Even as a baby, my son did not sit quietly and play with his toys. He required constant entertainment and movement (unless I wanted him to cry, and as a new mother, I definitely did not want him to cry!). We used our front hall as a running track and ran with him back and forth until he was old enough to run on his own beside us. And now that he’s older he jumps around on the furniture and tears across the house pretending to be a superhero.

I often feel like I am raising Calvin from the comic “Calvin and Hobbes.”

calvin

(This comic was found here: http://www.gocomics.com/calvinandhobbes/1986/07/20)

And as his parent, I’ve never experienced so much disapproval and judgment from strangers and sometimes even people I know and love.

Things I wish people would stop expecting him to do:

  •  Sit quietly and play, like other kids. He has a lot of energy and he needs to expend it somehow. Go big or go home, I say!
  • Talk quietly. This kid has no concept of an inside voice. And you know what? I don’t really care.
  • Stop running around inside. This is Oregon. It’s rainy half of the year (at least). I don’t always have the option of taking him outside, so he gets to run inside. It’s not the end of the world. I don’t think he will run around inside houses as a teenager. I’m sure someday he won’t need to run all the time, but until then, back off.
  • To play with a toy the way YOU think he should. I don’t care if the manufacturer intended the toy to be for another purpose. If my kid wants to use it for anything else, it doesn’t really matter. And it doesn’t mean he doesn’t care about things (so stop with your judgy “MY children learned how to take care of their toys” crap). It just means he has a different idea of how to play with it. And I think that’s great. If it means he wants to pretend he is the Hulk while destroying a Duplo tower, so be it.

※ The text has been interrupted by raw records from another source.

lemma wz_c_mult_3:
  "wz_c (3 * m) = (- (2 ^ 24)) ^ m / ((6 * real m + 1) ^ 4 * real (6 * m choose (3 * m)) ^ 5)"
proof (induction m)
  case 0
  then show ?case by simp
next
  case (Suc m)
  define x B B' where "x = real m" and "B = real (6 * m choose (3 * m))"
    and "B' = real (6 * m + 6 choose (3 * m + 3))"
  define a1 a3 a5 a7 q1 q2 q3 where "a1 = 6 * x + 1" and "a3 = 6 * x + 3" and "a5 = 6 * x + 5"
    and "a7 = 6 * x + 7" and "q1 = 3 * x + 1" and "q2 = 3 * x + 2" and "q3 = 3 * x + 3"
  have "x \<ge> 0" "B > 0"
    unfolding x_def B_def by simp_all
  then have nz: "a1 \<noteq> 0" "a3 \<noteq> 0" "a5 \<noteq> 0" "a7 \<noteq> 0"
    "q1 \<noteq> 0" "q2 \<noteq> 0" "q3 \<noteq> 0" "B \<noteq> 0"
    unfolding a1_def a3_def a5_def a7_def q1_def q2_def q3_def by linarith+
  have "B' * (q1 * q2 * q3) = 8 * a1 * a3 * a5 * B"
    using arg_cong[OF central_binomial_6_Suc[of m], of real]
    unfolding B_def B'_def x_def a1_def a3_def a5_def q1_def q2_def q3_def
    by (simp add: algebra_simps)
  then have B': "B' = 8 * a1 * a3 * a5 * B / (q1 * q2 * q3)"
    using nz by (simp add: field_simps)
  have "3 * Suc m = Suc (Suc (Suc (3 * m)))"
    by simp
  then have "wz_c (3 * Suc m)
      = wz_c (3 * m) * (- wz_a (3 * m)) * (- wz_a (3 * m + 1)) * (- wz_a (3 * m + 2))"
    by (simp only: wz_c_Suc) (simp add: ac_simps)
  also have "\<dots> = (- (2 ^ 24)) ^ m / (a1 ^ 4 * B ^ 5) * (- (8 * q1 ^ 5 / (a1 * a3 ^ 4)))
      * (- (8 * q2 ^ 5 / (a3 * a5 ^ 4))) * (- (8 * q3 ^ 5 / (a5 * a7 ^ 4)))"
    unfolding Suc.IH wz_a_def B_def[symmetric]
    by (simp add: x_def a1_def a3_def a5_def a7_def q1_def q2_def q3_def algebra_simps)
  also have "\<dots> = (- (2 ^ 24)) ^ Suc m / (a7 ^ 4 * B' ^ 5)"
    unfolding B' using nz by (simp add: field_simps) algebra
  also have "\<dots> = (- (2 ^ 24)) ^ Suc m
      / ((6 * real (Suc m) + 1) ^ 4 * real (6 * Suc m choose (3 * Suc m)) ^ 5)"
    by (simp add: a7_def x_def B'_def algebra_simps)
  finally show ?case .
qed
(* Consider the publishing problem with constant publishing cost, i.e. $\alpha=0$ so that $C^{(p)}_t(N)=\beta\,\mathbb{1}[N\neq\emptyset]$ for some $\beta\ge 0$ (delay costs arbitrary non-negative, price dynamics $R$ arbitrary). Then there exists an optimal policy $\pi^*$ which at every step publishes either all available transactions or none of them, i.e. for every $t$, either $N^{\pi^*}_t=Q^{\pi^*}_t$ or $N^{\pi^*}_t=\emptyset$.
   Context: The publishing problem is the following infinite-horizon Markov decision process in discrete time $t=0,1,2,\dots$. At each time step $t$ a new transaction $H_t$ is created (transactions are indexed by their creation time). The state at time $t$ is $(t,P_t,Q_t)$, where $P_t\ge 0$ is the current gas price and $Q_t$ is the set of unpublished transactions (with $Q_0=\emptyset$). A policy $\pi$ chooses a subset $N^\pi_t=\pi(t,Q_t,P_t)\subseteq Q_t$ to publish, incurring cost $C_t(P_t,Q_t,N^\pi_t)=P_t\,C^{(p)}_t(N^\pi_t)+C^{(d)}_t(Q_t\setminus N^\pi_t)$. The state then updates by $Q_{t+1}=(Q_t\setminus N^\pi_t)\cup\{H_t\}$ and $P_{t+1}=R(P_t)$, where $R$ is a random function (Markov transition) on prices whose distribution is known. The publishing cost is $C^{(p)}_t(N)=\alpha|N|+\beta\,\mathbb{1}[N\neq\emptyset]$ with $\alpha,\beta\ge0$. The delay cost is $C^{(d)}_t(N)=\sum_{H_\tau\in N}C^{(d)}_{H_\tau}(t-\tau)$, where each $C^{(d)}_{H_\tau}$ is a non-negative function of the waiting time. The expected total cost of $\pi$ is $C(\pi)=\mathbb{E}\left[\sum_t\gamma^t C_t(P_t,Q^\pi_t,N^\pi_t)\right]$ with discount factor $0<\gamma<1$, and $\pi^*$ is optimal if $C(\pi^* )=\min_\pi C(\pi)$. *)

theory Defs
  imports "HOL-Probability.Probability"
begin

text \<open>Transactions are identified with their creation time: transaction H_tau is the natural
number tau.  A (deterministic Markov) policy is a
map pi t Q p giving the set of transactions published at time t in queue Q at gas price p.\<close>

type_synonym policy = "nat \<Rightarrow> nat set \<Rightarrow> real \<Rightarrow> nat set"

definition pub_cost :: "real \<Rightarrow> real \<Rightarrow> nat set \<Rightarrow> real" where
  "pub_cost \<alpha> \<beta> N = \<alpha> * real (card N) + \<beta> * (if N \<noteq> {} then 1 else 0)"

text \<open>Delay cost C^(d)_t(N) = sum over H_tau in N of C^(d)_{H_tau}(t - tau);
  d tau w is the delay cost of transaction H_tau after waiting w steps.\<close>
definition delay_cost :: "(nat \<Rightarrow> nat \<Rightarrow> real) \<Rightarrow> nat \<Rightarrow> nat set \<Rightarrow> real" where
  "delay_cost d t N = (\<Sum>\<tau>\<in>N. d \<tau> (t - \<tau>))"

definition stage_cost ::
  "real \<Rightarrow> real \<Rightarrow> (nat \<Rightarrow> nat \<Rightarrow> real) \<Rightarrow> nat \<Rightarrow> real \<Rightarrow> nat set \<Rightarrow> nat set \<Rightarrow> real" where
  "stage_cost \<alpha> \<beta> d t p Q N = p * pub_cost \<alpha> \<beta> N + delay_cost d t (Q - N)"

definition admissible :: "policy \<Rightarrow> bool" where
  "admissible \<pi> \<longleftrightarrow>
     (\<forall>t Q p. \<pi> t Q p \<subseteq> Q) \<and>
     (\<forall>t Q. finite Q \<longrightarrow> (\<lambda>p. \<pi> t Q p) \<in> borel \<rightarrow>\<^sub>M count_space UNIV)"

text \<open>Expected discounted cost of the first n steps, starting at time t in state (t, p, Q),
  where the price evolves by the Markov kernel K (P_{t+1} ~ K P_t):
  the expectation of sum_{s<n} gamma^s C_{t+s}, written via iterated integrals.\<close>
fun horizon_cost ::
  "(real \<Rightarrow> real measure) \<Rightarrow> real \<Rightarrow> real \<Rightarrow> real \<Rightarrow> (nat \<Rightarrow> nat \<Rightarrow> real) \<Rightarrow> policy
     \<Rightarrow> nat \<Rightarrow> nat \<Rightarrow> real \<Rightarrow> nat set \<Rightarrow> ennreal" where
  "horizon_cost K \<gamma> \<alpha> \<beta> d \<pi> 0 t p Q = 0"
| "horizon_cost K \<gamma> \<alpha> \<beta> d \<pi> (Suc n) t p Q =
     ennreal (stage_cost \<alpha> \<beta> d t p Q (\<pi> t Q p))
     + ennreal \<gamma> * (\<integral>\<^sup>+ p'. horizon_cost K \<gamma> \<alpha> \<beta> d \<pi> n (Suc t) p' ((Q - \<pi> t Q p) \<union> {t}) \<partial>K p)"

text \<open>Expected total discounted cost C(pi) = E[sum_t gamma^t C_t] from initial price p0 and
  Q_0 = {} (monotone limit of the finite-horizon expected costs; costs are non-negative).\<close>
definition total_cost ::
  "(real \<Rightarrow> real measure) \<Rightarrow> real \<Rightarrow> real \<Rightarrow> real \<Rightarrow> (nat \<Rightarrow> nat \<Rightarrow> real) \<Rightarrow> real
     \<Rightarrow> policy \<Rightarrow> ennreal" where
  "total_cost K \<gamma> \<alpha> \<beta> d p0 \<pi> = (SUP n. horizon_cost K \<gamma> \<alpha> \<beta> d \<pi> n 0 p0 {})"

definition optimal ::
  "(real \<Rightarrow> real measure) \<Rightarrow> real \<Rightarrow> real \<Rightarrow> real \<Rightarrow> (nat \<Rightarrow> nat \<Rightarrow> real) \<Rightarrow> real
     \<Rightarrow> policy \<Rightarrow> bool" where
  "optimal K \<gamma> \<alpha> \<beta> d p0 \<pi> \<longleftrightarrow> admissible \<pi> \<and>
     (\<forall>\<sigma>. admissible \<sigma> \<longrightarrow> total_cost K \<gamma> \<alpha> \<beta> d p0 \<pi> \<le> total_cost K \<gamma> \<alpha> \<beta> d p0 \<sigma>)"

end

theory Submission
  imports Defs
begin
(* Let $\mathcal{H}=\mathbb{C}^{d_1}$, $\mathcal{K}=\mathbb{C}^{d_2}$ with $d_1\ge3$ odd, and let $\sigma_1,\dots,\sigma_{d_1d_2}\ge0$ be given. Consider the problem of minimizing $\frac1{d_1d_2}\operatorname{tr}[A\,\overline A^{T_2}]$ over all $A\in\mathcal{B}(\mathcal{H}\otimes\mathcal{K})$ with $A^T=A$ and singular values $\sigma_1,\dots,\sigma_{d_1d_2}$. Then every local minimizer $A$ of this problem satisfies that $A\,\overline A^{T_2}$ is Hermitian.
   Context: The partial transposes are taken with respect to a fixed product basis, defined by linear extension of $(X\otimes Y)^{T_1}=X^T\otimes Y$ and $(X\otimes Y)^{T_2}=X\otimes Y^T$; $\overline A$ is the entrywise complex conjugate, and $\overline A^{T_2}=(\overline A)^{T_2}$. *)

theory Defs
  imports "Jordan_Normal_Form.Matrix" "Jordan_Normal_Form.Char_Poly"
begin

text \<open>Matrices on C^d1 (x) C^d2 are d1*d2 x d1*d2 complex matrices; the product
basis vector e_i (x) f_j (i < d1, j < d2) has index i*d2 + j.\<close>

definition cmtrace :: "complex mat \<Rightarrow> complex" where
  "cmtrace A = (\<Sum>i<dim_row A. A $$ (i, i))"

definition conj_mat :: "complex mat \<Rightarrow> complex mat" where
  "conj_mat A = map_mat cnj A"

definition adjoint_cmat :: "complex mat \<Rightarrow> complex mat" where
  "adjoint_cmat A = conj_mat (transpose_mat A)"

definition hermitian_cmat :: "complex mat \<Rightarrow> bool" where
  "hermitian_cmat A \<longleftrightarrow> adjoint_cmat A = A"

text \<open>Partial transpose on the second factor: (X (x) Y)^T2 = X (x) Y^T, i.e.
  A^T2_{(i,j),(i',j')} = A_{(i,j'),(i',j)}.\<close>
definition ptrans2 :: "nat \<Rightarrow> nat \<Rightarrow> complex mat \<Rightarrow> complex mat" where
  "ptrans2 d1 d2 A = mat (d1 * d2) (d1 * d2)
     (\<lambda>(r, c). A $$ ((r div d2) * d2 + c mod d2, (c div d2) * d2 + r mod d2))"

text \<open>The singular values of an n x n matrix A (with multiplicity) are the
  nonnegative square roots of the eigenvalues of A^* A (with algebraic multiplicity).
  So A has singular values sigma_0..sigma_{n-1} (all >= 0) iff the characteristic
  polynomial of A^* A is prod_k (x - sigma_k^2).\<close>
definition has_singular_values :: "nat \<Rightarrow> complex mat \<Rightarrow> (nat \<Rightarrow> real) \<Rightarrow> bool" where
  "has_singular_values n A \<sigma> \<longleftrightarrow> A \<in> carrier_mat n n \<and> (\<forall>k<n. \<sigma> k \<ge> 0) \<and>
     char_poly (adjoint_cmat A * A) = (\<Prod>k<n. [: - complex_of_real ((\<sigma> k)\<^sup>2), 1 :])"

definition feasible :: "nat \<Rightarrow> nat \<Rightarrow> (nat \<Rightarrow> real) \<Rightarrow> complex mat \<Rightarrow> bool" where
  "feasible d1 d2 \<sigma> A \<longleftrightarrow> A \<in> carrier_mat (d1 * d2) (d1 * d2) \<and> transpose_mat A = A \<and>
     has_singular_values (d1 * d2) A \<sigma>"
(* Let $k$ be an infinite field of characteristic $p>0$. Then for every positive integer $n$, $R_n^{(p)}\subseteq L_n$.
   Context: $X=\{x_1,x_2,\ldots\}$ is a countably infinite set and $k_0\langle X\rangle$ is the free associative $k$-algebra (without identity) on $X$. A $T$-space is a $k$-linear subspace closed under every algebra endomorphism of $k_0\langle X\rangle$; the $T$-space generated by a subset is the smallest $T$-space containing it. $S_p(v_1,\ldots,v_p)=\sum_{\sigma\in\Sigma_p}\prod_{i=1}^p v_{\sigma(i)}$. $R_1^{(p)}$ is the $T$-space generated by $S_p(x_1,\ldots,x_p)$, and $R_{n+1}^{(p)}$ is the $T$-space generated by $R_n^{(p)}$ together with all products $u\,S_p(v_1,\ldots,v_p)$, $u\in R_n^{(p)}$, $v_i\in k_0\langle X\rangle$. $L_1$ is the $T$-space generated by $x_1^p$, and $L_{n+1}$ is the $T$-space generated by $L_n$ together with all products $u\,v^p$, $u\in L_n$, $v\in k_0\langle X\rangle$. *)

theory Defs
  imports Main "HOL-Combinatorics.Permutations"
begin

text \<open>Free associative k-algebra without identity on X = {x_0, x_1, ...} (indexed by nat):
  elements are finitely supported coefficient functions on words (nat lists) with zero
  coefficient on the empty word.\<close>

type_synonym 'k fa = "nat list \<Rightarrow> 'k"
lemma apply_s_const_single_action_inv:
  assumes "L \<subseteq> Collect (is_gs S {})"
    and "[At {}, Act a, At {}] \<in> apply_s (\<lambda>_. {[At {}, Act a, At {}]}) L"
  shows "\<exists>p. [At {}, Act p, At {}] \<in> L"
proof -
  from assms(2) obtain w where "w \<in> L"
    and w: "[At {}, Act a, At {}] \<in> subst_word (\<lambda>_. {[At {}, Act a, At {}]}) w"
    unfolding apply_s_def by blast
  with assms(1) have "map (rename_act (\<lambda>_. a)) w = [At {}, Act a, At {}]"
    using subst_word_rename_acts[of S w "\<lambda>_. a"] by auto
  then obtain p where "w = [At {}, Act p, At {}]"
    by (auto simp: map_eq_Cons_conv)
  with \<open>w \<in> L\<close> show ?thesis by blast
qed

theorem lemma5p7:
  shows "\<not> (\<exists>e. wf_kat {1, 2} {} e \<and>
           (\<forall>(S::nat set) (T::nat set) L1 L2.
              finite S \<longrightarrow> finite T \<longrightarrow>
              L1 \<in> guarded_langs S T \<longrightarrow> L2 \<in> guarded_langs S T \<longrightarrow>
              kat_op 0 e (\<lambda>i. if i = 1 then L1 else L2) (\<lambda>_. BZero) T = L1 \<inter> L2))"
proof
  assume "\<exists>e. wf_kat {1, 2} {} e \<and>
           (\<forall>(S::nat set) (T::nat set) L1 L2.
              finite S \<longrightarrow> finite T \<longrightarrow>
              L1 \<in> guarded_langs S T \<longrightarrow> L2 \<in> guarded_langs S T \<longrightarrow>
              kat_op 0 e (\<lambda>i. if i = 1 then L1 else L2) (\<lambda>_. BZero) T = L1 \<inter> L2)"
  then obtain e where wf: "wf_kat {1, 2} {} e"
    and op: "\<And>L1 L2. L1 \<in> guarded_langs {0} {} \<Longrightarrow> L2 \<in> guarded_langs {0} {} \<Longrightarrow>
      apply_s (\<lambda>i. if i = 1 then L1 else L2) (klang {} e) = L1 \<inter> L2"
    by (metis finite.emptyI finite.insertI kat_op_no_tests)
  define U where "U = {[At {}, Act 0, At {}]}"
  define V where "V = {[At {}]}"
  have U: "U \<in> guarded_langs {0} {}" and V: "V \<in> guarded_langs {0} {}"
    by (simp_all add: U_def V_def singleton_guarded_lang)
  have "apply_s (\<lambda>_. U) (klang {} e) = U"
    using op[OF U U] by simp
  then have "\<exists>p. [At {}, Act p, At {}] \<in> klang {} e"
    using apply_s_const_single_action_inv[OF klang_guarded[OF wf], of 0] by (simp add: U_def)
  then obtain p where p: "[At {}, Act p, At {}] \<in> klang {} e" ..
  obtain w where "w \<in> (if p = 1 then U else V)" "w \<noteq> []" "hd w = At {}" "last w = At {}"
    by (cases "p = 1") (auto simp: U_def V_def)
  then have "w \<in> apply_s (\<lambda>i. if i = 1 then U else V) (klang {} e)"
    by (intro apply_s_single_actionI[OF p]) auto
  moreover have "apply_s (\<lambda>i. if i = 1 then U else V) (klang {} e) = {}"
    using op[OF U V] by (simp add: U_def V_def)
  ultimately show False by blast
qed

end
lemma survival_mult_le_power:
  assumes S: "absorbing S" and bound: "\<And>w. w \<in> S \<Longrightarrow> survival a N w \<le> B" and B: "0 \<le> B"
  shows "w \<in> S \<Longrightarrow> survival a (N * j) w \<le> B ^ j"
proof (induction j arbitrary: w)
  case 0 then show ?case by simp
next
  case (Suc j)
  have "survival a (N * Suc j) w \<le> B * survival a (N * j) w"
    using survival_add_le[OF S bound B Suc.prems, of "N * j"] by (simp add: add.commute)
  also have "\<dots> \<le> B * B ^ j" by (rule mult_left_mono[OF Suc.IH[OF Suc.prems] B])
  finally show ?case by simp
qed

lemma positive_recurrent_at_if_survival_le_geometric:
  assumes "a \<in> K" "0 \<le> s" "s < 1" and bound: "\<And>k. survival a k a \<le> C * s ^ k"
  shows "positive_recurrent_at a"
proof -
  define U where "U k = survival a k a" for k
  define f where "f = (\<lambda>k. first_passage a k a)"
  have U_nonneg: "0 \<le> U k" for k using survival_nonneg_le_1[OF \<open>a \<in> K\<close>] by (simp add: U_def)
  have f_Suc: "f (Suc k) = U k - U (Suc k)" for k
    using first_passage_Suc[OF \<open>a \<in> K\<close>] by (simp add: f_def U_def)
  have f_nonneg: "0 \<le> f (Suc k)" for k
    using survival_Suc_le[OF \<open>a \<in> K\<close>, of a k] by (simp add: f_Suc U_def)
  have f_le: "f (Suc k) \<le> C * s ^ k" for k
    using f_Suc U_nonneg[of "Suc k"] bound[of k] by (simp add: U_def)
  have "U \<longlonglongrightarrow> 0"
  proof (rule tendsto_sandwich[of "\<lambda>_. 0" _ _ "\<lambda>k. C * s ^ k"])
    show "(\<lambda>k. C * s ^ k) \<longlonglongrightarrow> 0"
      using assms(2,3) by (intro tendsto_mult_right_zero LIMSEQ_power_zero) simp
  qed (use U_nonneg bound in \<open>simp_all add: U_def\<close>)
  then have "(\<lambda>n. 1 - U n) \<longlonglongrightarrow> 1 - 0"
    by (intro tendsto_diff tendsto_const)
  moreover have "(\<Sum>k<n. f (Suc k)) = 1 - U n" for n
    by (simp only: f_Suc sum_lessThan_telescope'[of U]) (simp add: U_def)
  ultimately have "(\<lambda>k. f (Suc k)) sums 1" by (simp add: sums_def)
  moreover have "f 0 = 0" by (simp add: f_def)
  ultimately have "f sums 1" using sums_Suc_iff[of f 1] by simp
  have "summable (\<lambda>k. real (Suc k) * f (Suc k))"
  proof (rule summable_comparison_test')
    show "summable (\<lambda>k. C * (real k * s ^ k + s ^ k))"
      using assms(2,3) by (intro summable_mult summable_add summable_of_nat_times_power) simp_all
    show "norm (real (Suc k) * f (Suc k)) \<le> C * (real k * s ^ k + s ^ k)" for k
      using mult_left_mono[OF f_le[of k], of "real (Suc k)"] f_nonneg[of k]
      by (simp add: algebra_simps)
  qed
  then have "summable (\<lambda>k. real k * f k)"
    using summable_Suc_iff[of "\<lambda>k. real k * f k"] by simp
  with \<open>f sums 1\<close> show ?thesis by (simp add: positive_recurrent_at_def f_def)
qed

text \<open>Replacing \<open>B\<close> by \<open>B' = max B (1/2)\<close> keeps the bound positive, so that with
  \<open>s = root N B'\<close> one gets \<open>survival a k a \<le> s ^ k / B'\<close>.\<close>

lemma positive_recurrent_at_if_uniform_survival_bound:
  assumes S: "absorbing S" "a \<in> S" and "0 < N" "B < 1"
    and bound: "\<And>w. w \<in> S \<Longrightarrow> survival a N w \<le> B"
  shows "positive_recurrent_at a"
proof -
  define B' where "B' = max B (1/2)"
  have B': "0 < B'" "B' < 1" using \<open>B < 1\<close> by (auto simp: B'_def)
  define s where "s = root N B'"
  have s: "0 \<le> s" "s < 1" "s ^ N = B'" using B' \<open>0 < N\<close> by (auto simp: s_def)
  have "a \<in> K" using S by (auto simp: absorbing_def)
  have "survival a k a \<le> (1 / B') * s ^ k" for k
  proof -
    have "survival a k a \<le> survival a (N * (k div N)) a"
      by (rule survival_antimono[OF \<open>a \<in> K\<close>]) simp
    also have "\<dots> \<le> B' ^ (k div N)"
      using bound B' S by (intro survival_mult_le_power[of S]) (auto simp: B'_def le_max_iff_disj)
    also have "B' ^ (k div N) * B' = s ^ (N * Suc (k div N))"
      by (simp add: s(3)[symmetric] power_add power_mult)
    also have "\<dots> \<le> s ^ k"
      using s \<open>0 < N\<close> by (intro power_decreasing) (simp_all add: dividend_less_times_div less_imp_le)
    finally show ?thesis using B' by (simp add: field_simps)
  qed
  with \<open>a \<in> K\<close> s show ?thesis
    by (intro positive_recurrent_at_if_survival_le_geometric[where C = "1 / B'"]) auto
qed

lemma uniform_survival_lt_1:
  assumes "finite A" "A \<subseteq> K" and escape: "\<And>d. d \<in> A \<Longrightarrow> \<exists>n. survival a n d < 1"
  obtains N \<delta> where "0 < \<delta>" "\<And>d. d \<in> A \<Longrightarrow> survival a N d \<le> 1 - \<delta>"
proof -
  obtain n where n: "\<And>d. d \<in> A \<Longrightarrow> survival a (n d) d < 1" using escape by metis
  define N where "N = Max (n ` A)"
  define \<delta> where "\<delta> = Min (insert 1 ((\<lambda>d. 1 - survival a N d) ` A))"
  have lt_1: "survival a N d < 1" if "d \<in> A" for d
    using survival_antimono[of d "n d" N a] n[OF that] that assms(1,2)
    by (force simp: N_def)
  have "0 < \<delta>" using assms(1) lt_1 by (simp add: \<delta>_def)
  moreover have "survival a N d \<le> 1 - \<delta>" if "d \<in> A" for d
  proof -
    have "\<delta> \<le> 1 - survival a N d" using assms(1) that by (simp add: \<delta>_def)
    then show ?thesis by linarith
  qed
  ultimately show thesis by (rule that)
qed

lemma absorbing_reachable:
  assumes "a \<in> K" shows "absorbing {w. step\<^sup>*\<^sup>* a w}"
proof -
  have "w \<in> K" if "step\<^sup>*\<^sup>* a w" for w
    using rtranclpD[OF that] tranclp_step_closed[OF _ assms] assms by blast
  moreover have "step w (nxt w y)" if "0 < P w y" for w y using that by (auto simp: step_def)
  ultimately show ?thesis
    by (auto simp: absorbing_def intro: rtranclp.rtrancl_into_rtrancl)
qed
lemma inner_content_mono: "U \<subseteq> V \<Longrightarrow> inner_content U \<le> inner_content V"
  unfolding inner_content_def by (rule SUP_subset_mono[OF subordinate_mono]) auto

lemma I_le_inner_content: "f \<in> subordinate U \<Longrightarrow> ennreal (I f) \<le> inner_content U"
  unfolding inner_content_def by (rule SUP_upper)

lemma inner_content_UNIV: "inner_content UNIV = 1"
proof (rule antisym)
  show "inner_content UNIV \<le> 1"
    unfolding inner_content_def
  proof (rule SUP_least)
    fix f assume "f \<in> subordinate UNIV"
    then have "I f \<le> I (\<lambda>z. 1)" by (intro I_mono) (auto simp: subordinate_def)
    then show "ennreal (I f) \<le> 1" by (simp add: one)
  qed
  have "(\<lambda>z. 1) \<in> subordinate UNIV" by (auto simp: subordinate_def)
  then show "1 \<le> inner_content UNIV" using I_le_inner_content[of "\<lambda>z. 1" UNIV] one by simp
qed

lemma inner_content_empty: "inner_content {} = 0"
proof -
  have "I f = 0" if "f \<in> subordinate {}" for f
  proof -
    from that have "f = (\<lambda>z. 0)" by (auto simp: subordinate_def intro!: antisym le_funI)
    then show ?thesis by (simp add: I_zero)
  qed
  then show ?thesis unfolding inner_content_def by (auto intro!: antisym SUP_least)
qed

lemma outer_content_le_inner_content: "open U \<Longrightarrow> A \<subseteq> U \<Longrightarrow> outer_content A \<le> inner_content U"
  unfolding outer_content_def by (rule INF_lower) auto

lemma outer_content_open: "open U \<Longrightarrow> outer_content U = inner_content U"
  unfolding outer_content_def by (auto intro!: antisym INF_lower INF_greatest inner_content_mono)

lemma outer_content_mono: "A \<subseteq> B \<Longrightarrow> outer_content A \<le> outer_content B"
  unfolding outer_content_def by (rule INF_superset_mono) auto

lemma outer_content_empty: "outer_content {} = 0"
  using outer_content_le_inner_content[of "{}" "{}"] inner_content_empty by simp

lemma I_le_suminf_inner_content:
  assumes g: "g \<in> bcont" "\<And>z. g z \<le> (\<Sum>i<N. f i z)" and f: "\<And>i. f i \<in> subordinate (U i)"
  shows "ennreal (I g) \<le> (\<Sum>n. inner_content (U n))"
proof -
  have "I g \<le> (\<Sum>i<N. I (f i))"
    using f g by (subst I_sum[symmetric]) (auto simp: subordinate_def intro!: I_mono bcont_sum)
  then have "ennreal (I g) \<le> (\<Sum>i<N. ennreal (I (f i)))"
    using f by (subst sum_ennreal) (auto simp: subordinate_def intro!: pos ennreal_leI)
  also have "\<dots> \<le> (\<Sum>i<N. inner_content (U i))" by (intro sum_mono I_le_inner_content f)
  also have "\<dots> \<le> (\<Sum>n. inner_content (U n))" by (rule sum_le_suminf) auto
  finally show ?thesis .
qed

So to all those people with their own quiet, docile children or people without kids who think they could do better, stop shooting me those cranky looks and judging my parenting decisions. Every child is different and I’m doing what I think is best for mine. I can’t turn him into something he’s not, and frankly, I don’t want to!

2 thoughts on “How I Feel Raising a High-Spirited Child

  1. I love his energy! Porter gets a good workout trying to keep up. 🙂 and as for using toys as their intended purpose I hate toys that can only be used one way. What a waste of space. If he can extend the life of a toy by taking a different approach I think that’s just plain creative and frugal. 🙂

    Liked by 1 person

  2. I wonder where all that sit quietly, play by yourself, go to bed at 7:00, sleep through the night, be toilet trained by a certain age, etc. etc., comes from? Plenty of children have those characteristics, and plenty don’t. We had one who never could go to sleep before 10pm, and another who would get up from dinner and say “take me to bed.” Was I supposed to sort of pummel one so he could stay awake and pummel the other around so he’d get tired and fall asleep? I didn’t—I just went with who they were (which fit who I was) and managed a pretty good life for all of us. It wasn’t perfect, but it was pretty good. The main point in that case was for everyone to get enough sleep, and individuals differ on how much is enough. (I admit I was fairly closed-mouthed about the fact that one of my children had a 10pm bedtime 🙂

    You’re doing a good job. Not perfect, but good! You’ve got one who is a go-getter, and the world needs him.